When I don't want to use NER, is it better to use "morfo" than "tagged" output format?
Thank you!
If you deactivate NER,…
If you deactivate NER, proper nouns are not recognized, so you will not get a proper analysis for "Anne".
In any case, "morfo" is not better than "tagged". "morfo" highest output is equivalent to a unigram tagger, thus, context independent. That is, the word "walk" would get always the tag "VB", regardless of whether the sentence is "I walk every day" or "I took a long walk".
On the other hand, "tagged" output will vary depending on the sentence.
So, to summarize: If your text has proper nouns, you should not deactivate NER if you expect it to work.
Can I disable multiwords detection of NER?
Thank you for your reply!
Then, I would use NER. That's OK.
But can I disable multiwords detection of NER? Because NER extracts too long words for me.
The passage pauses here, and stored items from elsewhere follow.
text \<open>u is a C^2 solution on [0,R) of the equation (*), written in the explicit
  (non-degenerate) form, i.e. with 3u'^2 - 1 nonzero, with u(0)=0, u'(0)=0.
  Derivatives at 0 are one-sided (within the domain).\<close>
definition ode_sol :: "(real \<Rightarrow> real) \<Rightarrow> ereal \<Rightarrow> bool" where
  "ode_sol u R \<longleftrightarrow> 0 \<in> dom0 R \<and>
     (\<exists>u1 u2. (\<forall>r\<in>dom0 R. (u has_real_derivative u1 r) (at r within dom0 R)
                       \<and> (u1 has_real_derivative u2 r) (at r within dom0 R))
            \<and> continuous_on (dom0 R) u2
            \<and> u 0 = 0 \<and> u1 0 = 0
            \<and> (\<forall>r\<in>dom0 R. 3 * (u1 r)\<^sup>2 - 1 \<noteq> 0)
            \<and> (\<forall>r\<in>dom0 R. r * (1 + 4 * (u1 r)\<^sup>2 + 3 * (u1 r)^4) - 2 * u1 r * (1 + (u1 r)\<^sup>2)
                             + 2 * r * u2 r * (3 * (u1 r)\<^sup>2 - 1) = 0))"

definition maximal_ode_sol :: "(real \<Rightarrow> real) \<Rightarrow> ereal \<Rightarrow> bool" where
  "maximal_ode_sol u R \<longleftrightarrow> ode_sol u R \<and>
     \<not> (\<exists>v R'. R < R' \<and> ode_sol v R' \<and> (\<forall>r\<in>dom0 R. v r = u r))"

end

theory Submission
  imports Defs
begin

(* Write p = u' and q = u''. The equation says q * 2r(1 - 3p^2) = (1 + p^2)(r(1 + 3p^2) - 2p).
   Since p(0) = 0 and 3p^2 never equals 1, we have 3p^2 < 1 on the whole domain. Dividing by r
   and letting r -> 0 gives q(0) = 1/4, so the factor N = r(1 + 3p^2) - 2p is positive near 0;
   it stays positive, because at a first zero of N the equation forces q = 0 and then N' = 1 + 3p^2 > 0.
   Hence q > 0 and p increases. Since p < 1, the equation gives q >= 1/4 for r >= 4, which is
   incompatible with an unbounded domain; so the domain is [0, rho) with rho finite, and p has a
   limit L with 3L^2 <= 1 at rho. If 3L^2 < 1 the explicit equation is regular near (rho, L), and
   Picard-Lindeloef continues the solution beyond rho, contradicting maximality. So L = 1/sqrt 3. *)

section \<open>Elementary real analysis\<close>

lemma integral_eq_diff_if_has_real_derivative:
  fixes f f' :: "real \<Rightarrow> real"
  assumes "a \<le> b" "{a..b} \<subseteq> S"
    and "\<And>x. x \<in> {a..b} \<Longrightarrow> (f has_real_derivative f' x) (at x within S)"
  shows "integral {a..b} f' = f b - f a"
proof -
  have "(f' has_integral (f b - f a)) {a..b}"
    using assms by (intro fundamental_theorem_of_calculus)
      (auto simp: has_real_derivative_iff_has_vector_derivative intro: has_vector_derivative_within_subset)
  then show ?thesis by (rule integral_unique)
qed

lemma continuous_on_glue:
  fixes f g :: "real \<Rightarrow> real"
  assumes "a < c" "c \<le> b" "continuous_on {a..<c} f" "continuous_on {c..b} g"
    and lim: "(f \<longlongrightarrow> g c) (at_left c)"
  shows "continuous_on {a..b} (\<lambda>x. if x < c then f x else g x)"
proof -
  have "continuous (at x within {a..c}) (\<lambda>x. if x < c then f x else g x)" if x: "x \<in> {a..c}" for x
  proof (cases "x = c")
    case True
    have "eventually (\<lambda>y. f y = (if y < c then f y else g y)) (at_left c)"
      by (simp add: eventually_at_filter)
    with lim have "((\<lambda>y. if y < c then f y else g y) \<longlongrightarrow> g c) (at_left c)"
      by (rule Lim_transform_eventually)
    then show ?thesis using True \<open>a < c\<close> by (simp add: continuous_within at_within_Icc_at_left)
  next
    case False
    then have "x < c" using x by auto
    have "at x within {a..c} = at x within {a..<c}"
      by (rule at_within_nhd[of x "{..<c}"]) (use \<open>x < c\<close> in auto)
    moreover have "continuous (at x within {a..<c}) f"
      using assms(3) x \<open>x < c\<close> by (simp add: continuous_on_eq_continuous_within)
    moreover have "eventually (\<lambda>y. f y = (if y < c then f y else g y)) (at x within {a..<c})"
      by (auto simp: eventually_at_filter)
    ultimately show ?thesis
      using \<open>x < c\<close> by (auto simp: continuous_within elim: Lim_transform_eventually)
  qed
  then have "continuous_on {a..c} (\<lambda>x. if x < c then f x else g x)"
    by (simp add: continuous_on_eq_continuous_within)
  moreover have "continuous_on {c..b} (\<lambda>x. if x < c then f x else g x)"
    using assms(4) by (rule continuous_on_eq) auto
  ultimately have "continuous_on ({a..c} \<union> {c..b}) (\<lambda>x. if x < c then f x else g x)"
    by (intro continuous_on_closed_Un) auto
  moreover have "{a..c} \<union> {c..b} = {a..b}" using assms(1,2) by auto
  ultimately show ?thesis by simp
qed

lemma integral_glue:
  fixes f g k' :: "real \<Rightarrow> real"
  assumes "a < c" "c \<le> b"
    and f: "\<And>x. x \<in> {a..<c} \<Longrightarrow> (f has_real_derivative k' x) (at x within {a..<c})"
    and g: "\<And>x. x \<in> {c..b} \<Longrightarrow> (g has_real_derivative k' x) (at x within {c..b})"
    and k'_cont: "continuous_on {a..b} k'" and f_lim: "(f \<longlongrightarrow> g c) (at_left c)"
    and "x \<in> {a..b}"
  shows "f a + integral {a..x} k' = (if x < c then f x else g x)"
proof -
  define K where "K x = f a + integral {a..x} k'" for x
  have K_f: "K x = f x" if "x \<in> {a..<c}" for x
  proof -
    have "integral {a..x} k' = f x - f a"
      using that by (intro integral_eq_diff_if_has_real_derivative[where S="{a..<c}"] f) auto
    then show ?thesis by (simp add: K_def)
  qed
  have K_cont: "continuous_on {a..b} K"
    unfolding K_def by (intro continuous_on_add continuous_on_const indefinite_integral_continuous_1
        integrable_continuous_real k'_cont)
  have "(K \<longlongrightarrow> K c) (at_left c)"
    using assms(1,2) by (intro continuous_on_Icc_at_leftD continuous_on_subset[OF K_cont]) auto
  moreover have "eventually (\<lambda>x. K x = f x) (at_left c)"
    using eventually_at_left_real[OF \<open>a < c\<close>] by eventually_elim (simp add: K_f)
  ultimately have "(f \<longlongrightarrow> K c) (at_left c)" by (rule Lim_transform_eventually)
  then have K_c: "K c = g c" using f_lim by (rule tendsto_unique[OF trivial_limit_at_left_real])
  have K_g: "K x = g x" if "x \<in> {c..b}" for x
  proof -
    have "integral {a..x} k' = integral {a..c} k' + integral {c..x} k'"
      using that assms(1) by (intro Henstock_Kurzweil_Integration.integral_combine[symmetric]
          integrable_continuous_real continuous_on_subset[OF k'_cont]) auto
    moreover have "integral {c..x} k' = g x - g c"
      using that by (intro integral_eq_diff_if_has_real_derivative[where S="{c..b}"] g) auto
    ultimately show ?thesis using K_c by (simp add: K_def)
  qed
  show ?thesis
    using K_f[of x] K_g[of x] \<open>x \<in> {a..b}\<close> by (cases "x < c") (auto simp: K_def)
qed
For example, it extracts "anne_of_green_gables" as a word from a sentence below.
I would like to extract and count "Anne" as a word, not "anne_of_green_gables". Will you give me any possible solutions?
Thanks!
You can tune the NER…
You can tune the NER behaviour in the np.dat configuration file
For instance, you could remove "of" from the list of function words that are allowed into a named entity. Then, you would get "Anne" and "Green_Gables". (Though for a text such as "Bank of External Commerce" you would get "Bank" and "External_Commerce"... so... you need to weight pros and cons)
See user manual to find out the details and available options
Understood. Thank you very…
Understood. Thank you very much!